- Genre: Telenovela · Drama
- Created by: Helen Smit
- Starring: Thembi Mtshali-Jones Jo-anne Reyneke Enhle Mbali Maphumulo Sello Sebotsane Thapelo Mokoena
- Country of origin: South Africa
- Original language: English
- No. of seasons: 1
- No. of episodes: 255

Production
- Executive producer: Clive Morris
- Producer: Genna Lewis (Creative Producer)
- Production locations: Johannesburg, South Africa
- Running time: 24 minutes
- Production company: Clive Morris Productions

Original release
- Network: e.tv
- Release: 10 April 2017

= Broken Vows (TV series) =

2017 South African television series

Broken Vows is a South African television drama series created and produced by Helen Smit and executive produced by Clive Morris. It is an e.tv original series produced by Clive Morris Productions for e.tv, and stars Thembi Mtshali-Jones, Jo-anne Reyneke, Enhle Mbali Mlotshwa, Mandla Gaduka, Thapelo Mokoena, Emmanuel Castis, Shaleen Surtie-Richards, Lehasa Moloi and Nambitha Ben-Mazwi.

== Plot ==
Thandi and Azania Moswane, run the family-owned wedding planning business Yours Truly in Johannesburg. Entrusted by their mother, Gertrude, to be the top wedding planners, they juggle professional success with personal secrets and family drama. The return of their father, Ace, from prison brings conflict, as he clashes with Gertrude over family matters.

== Cast ==

=== Main cast ===
- Thembi Mtshali-Jones as Gertrude Moswane – The matriarch of the Moswane family, founder of Yours Truly Concepts.
- Jo-anne Reyneke as Thandi Moswane – The youngest of the Moswane family, running the wedding business and seeking her mother's approval.
- Enhle Mbali Mlotshwa as Azania Moswane – Thandi's adopted sister and business partner, senior wedding planner of Yours Truly.
- Sello Sebotsane as Ace Moswane – The family patriarch. His return from prison and quest for revenge sparks tension in the family.
- Thapelo Mokoena as Uhuru Moswane – Thandi and Azania's brother, the eldest of the Moswane children, a journalist who returns after an investigation from the Congo.

=== Supporting cast===
- Nomsa Nene as Lydia – Thandi's biological mother, previous business partner to Gertrude.
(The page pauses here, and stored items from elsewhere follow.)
lemma spline_comb_deriv_has_derivative:
  assumes "Suc k \<le> p" "Suc k < p \<or> (\<forall>m\<in>T. s * x + b1 m \<notin> \<int> \<and> s * x + b2 m \<notin> \<int>)"
  shows "(spline_comb_deriv k has_real_derivative spline_comb_deriv (Suc k) x) (at x)"
proof -
  obtain q where q: "p - k = Suc q" "p - Suc k = q" using assms(1) by (cases "p - k") auto
  have affine_term: "((\<lambda>x. (bdiff ^^ k) (bspline (p - k)) (s * x + b)) has_real_derivative
                s * (bdiff ^^ Suc k) (bspline (p - Suc k)) (s * x + b)) (at x)"
    if "Suc k < p \<or> s * x + b \<notin> \<int>" for b
    unfolding q
    by (intro has_real_derivative_compose_affine bdiff_pow_bspline_has_derivative) (use that q in auto)
  have "(spline_comb_deriv k has_real_derivative s ^ k *
          (\<Sum>m\<in>T. w m * (s * (bdiff ^^ Suc k) (bspline (p - Suc k)) (s * x + b1 m)
                          - s * (bdiff ^^ Suc k) (bspline (p - Suc k)) (s * x + b2 m)))) (at x)"
    unfolding spline_comb_deriv_def[abs_def]
    by (intro DERIV_cmult DERIV_sum DERIV_diff affine_term) (use assms(2) in auto)
  then show ?thesis
    by (simp add: spline_comb_deriv_def sum_distrib_left right_diff_distrib mult_ac)
qed

lemma higher_deriv_spline_comb_below: "k < p \<Longrightarrow> (deriv ^^ k) spline_comb = spline_comb_deriv k"
proof (induction k)
  case 0
  then show ?case by (simp add: spline_comb_deriv_def[abs_def] spline_comb_def[abs_def])
next
  case (Suc k)
  then have "(deriv ^^ Suc k) spline_comb = deriv (spline_comb_deriv k)" by simp
  also have "\<dots> = spline_comb_deriv (Suc k)"
    by (intro ext DERIV_imp_deriv spline_comb_deriv_has_derivative) (use Suc.prems in auto)
  finally show ?case .
qed

lemma higher_deriv_spline_comb:
  assumes "k \<le> p" "\<forall>m\<in>T. s * x + b1 m \<notin> \<int> \<and> s * x + b2 m \<notin> \<int>"
  shows "(deriv ^^ k) spline_comb x = spline_comb_deriv k x"
proof (cases "k < p")
  case False
  then have k: "k = p" using assms(1) by simp
  show ?thesis
  proof (cases p)
    case 0
    show ?thesis unfolding spline_comb_deriv_def spline_comb_def using k 0 by simp
  next
    case (Suc j)
    have "(deriv ^^ k) spline_comb x = deriv (spline_comb_deriv j) x"
      using higher_deriv_spline_comb_below[of j] by (simp add: k Suc)
    also have "\<dots> = spline_comb_deriv (Suc j) x"
      by (intro DERIV_imp_deriv spline_comb_deriv_has_derivative) (simp_all add: Suc assms(2))
    finally show ?thesis using k Suc by simp
  qed
qed (simp add: higher_deriv_spline_comb_below)

end
section \<open>Folding integrals over a half period\<close>

lemma integral_folded_product:
  fixes f g :: "real \<Rightarrow> real" and \<epsilon> s :: real
  assumes f: "bdd_compact_supp f" and g: "bdd_compact_supp g" and "0 \<le> s" and \<epsilon>: "\<epsilon> * \<epsilon> = 1"
  shows "integral {0..s} (\<lambda>y. (f y + \<epsilon> * f (2 * s - y)) * (g y + \<epsilon> * g (2 * s - y)))
       = integral {0..2 * s} (\<lambda>y. f y * g y) + \<epsilon> * integral {0..2 * s} (\<lambda>y. f y * g (2 * s - y))"
proof -
  define L where "L = 2 * s"
  have fg: "bdd_compact_supp (\<lambda>y. f y * g y)" and fg': "bdd_compact_supp (\<lambda>y. f y * g (L - y))"
    and f'g': "bdd_compact_supp (\<lambda>y. f (L - y) * g (L - y))" and f'g: "bdd_compact_supp (\<lambda>y. f (L - y) * g y)"
    by (intro bdd_compact_supp_mult bdd_compact_supp_reflect f g)+
  have int: "\<And>\<phi>. bdd_compact_supp \<phi> \<Longrightarrow> \<phi> integrable_on {0..s}"
    by (rule bdd_compact_supp_integrable_on)
  have "(\<lambda>y. (f y + \<epsilon> * f (L - y)) * (g y + \<epsilon> * g (L - y)))
      = (\<lambda>y. (f y * g y + f (L - y) * g (L - y)) + \<epsilon> * (f y * g (L - y) + f (L - y) * g y))"
  proof
    fix y
    have "(f y + \<epsilon> * f (L - y)) * (g y + \<epsilon> * g (L - y))
        = f y * g y + (\<epsilon> * \<epsilon>) * (f (L - y) * g (L - y)) + \<epsilon> * (f y * g (L - y) + f (L - y) * g y)"
      by (simp add: algebra_simps)
    then show "(f y + \<epsilon> * f (L - y)) * (g y + \<epsilon> * g (L - y))
        = (f y * g y + f (L - y) * g (L - y)) + \<epsilon> * (f y * g (L - y) + f (L - y) * g y)"
      by (simp add: \<epsilon>)
  qed
  then have "integral {0..s} (\<lambda>y. (f y + \<epsilon> * f (L - y)) * (g y + \<epsilon> * g (L - y)))
      = (integral {0..s} (\<lambda>y. f y * g y) + integral {0..s} (\<lambda>y. f (L - y) * g (L - y)))
        + \<epsilon> * (integral {0..s} (\<lambda>y. f y * g (L - y)) + integral {0..s} (\<lambda>y. f (L - y) * g y))"
    by (simp add: integral_add integral_mult_right int bdd_compact_supp_add bdd_compact_supp_cmult
                  fg fg' f'g' f'g)
  also have "integral {0..s} (\<lambda>y. f (L - y) * g (L - y)) = integral {s..L} (\<lambda>y. f y * g y)"
    using integral_reflect_shift_real[of "\<lambda>y. f y * g y" L s 0] bdd_compact_supp_integrable_on[OF fg]
    by (simp add: L_def)
  also have "integral {0..s} (\<lambda>y. f (L - y) * g y) = integral {s..L} (\<lambda>y. f y * g (L - y))"
    using integral_reflect_shift_real[of "\<lambda>y. f y * g (L - y)" L s 0] bdd_compact_supp_integrable_on[OF fg']
    by (simp add: L_def)
  also have "integral {0..s} (\<lambda>y. f y * g y) + integral {s..L} (\<lambda>y. f y * g y) = integral {0..L} (\<lambda>y. f y * g y)"
    by (rule Henstock_Kurzweil_Integration.integral_combine)
       (use assms(3) bdd_compact_supp_integrable_on[OF fg] in \<open>auto simp: L_def\<close>)
  also have "integral {0..s} (\<lambda>y. f y * g (L - y)) + integral {s..L} (\<lambda>y. f y * g (L - y))
      = integral {0..L} (\<lambda>y. f y * g (L - y))"
    by (rule Henstock_Kurzweil_Integration.integral_combine)
       (use assms(3) bdd_compact_supp_integrable_on[OF fg'] in \<open>auto simp: L_def\<close>)
  finally show ?thesis by (simp add: L_def)
qed

lemma integral_even_half:
  fixes \<phi> :: "real \<Rightarrow> real"
  assumes \<phi>: "bdd_compact_supp \<phi>" and even: "\<And>y. \<phi> (- y) = \<phi> y"
    and vanish: "\<And>y. L < \<bar>y\<bar> \<Longrightarrow> \<phi> y = 0" and "0 \<le> L"
  shows "integral {0..L} \<phi> = integral UNIV \<phi> / 2"
proof -
  have "integral UNIV \<phi> = integral {-L..L} \<phi>"
    by (rule bdd_compact_supp_integral_UNIV[OF \<phi>]) (use vanish in auto)
  also have "\<dots> = integral {-L..0} \<phi> + integral {0..L} \<phi>"
    by (rule Henstock_Kurzweil_Integration.integral_combine[symmetric])
       (use assms(4) bdd_compact_supp_integrable_on[OF \<phi>] in auto)
  also have "integral {-L..0} \<phi> = integral {0..L} \<phi>"
    using Henstock_Kurzweil_Integration.integral_reflect_real[of L 0 \<phi>] by (simp add: even)
  finally show ?thesis by simp
qed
She seeks a relationship with Thandi.
- Shaleen Surtie-Richards as Charmaine – Florist and best friend to Gertrude
- Emmanuel Castis as Chris Myburgh – Husband to Azania, a retired professional soccer player with a short career span due to a back injury.
- Mandla Gaduka as Damian – Wedding decor specialist, previously seen at Namane Funerals, he joins Yours Truly for a change of scenery.
- Lehasa Moloi as Lebo, wedding photographer of Yours Truly Concepts.
- Nambitha Ben-Mazwi as Lulama – manager of the bridal couture department.
- Clementine Mosimane as Keketso
- Nicole Bessick as Chloe
- Joe Kazadi as Simao

== Broadcast ==

A private screening of the series was held at Four Seasons Hotel The Westcliff, Johannesburg, on Thursday, 6 April 2017. The series premiered on the 10th of April 2017 on e.tv. It was then shifted to sister channel eExtra on 15 January 2018.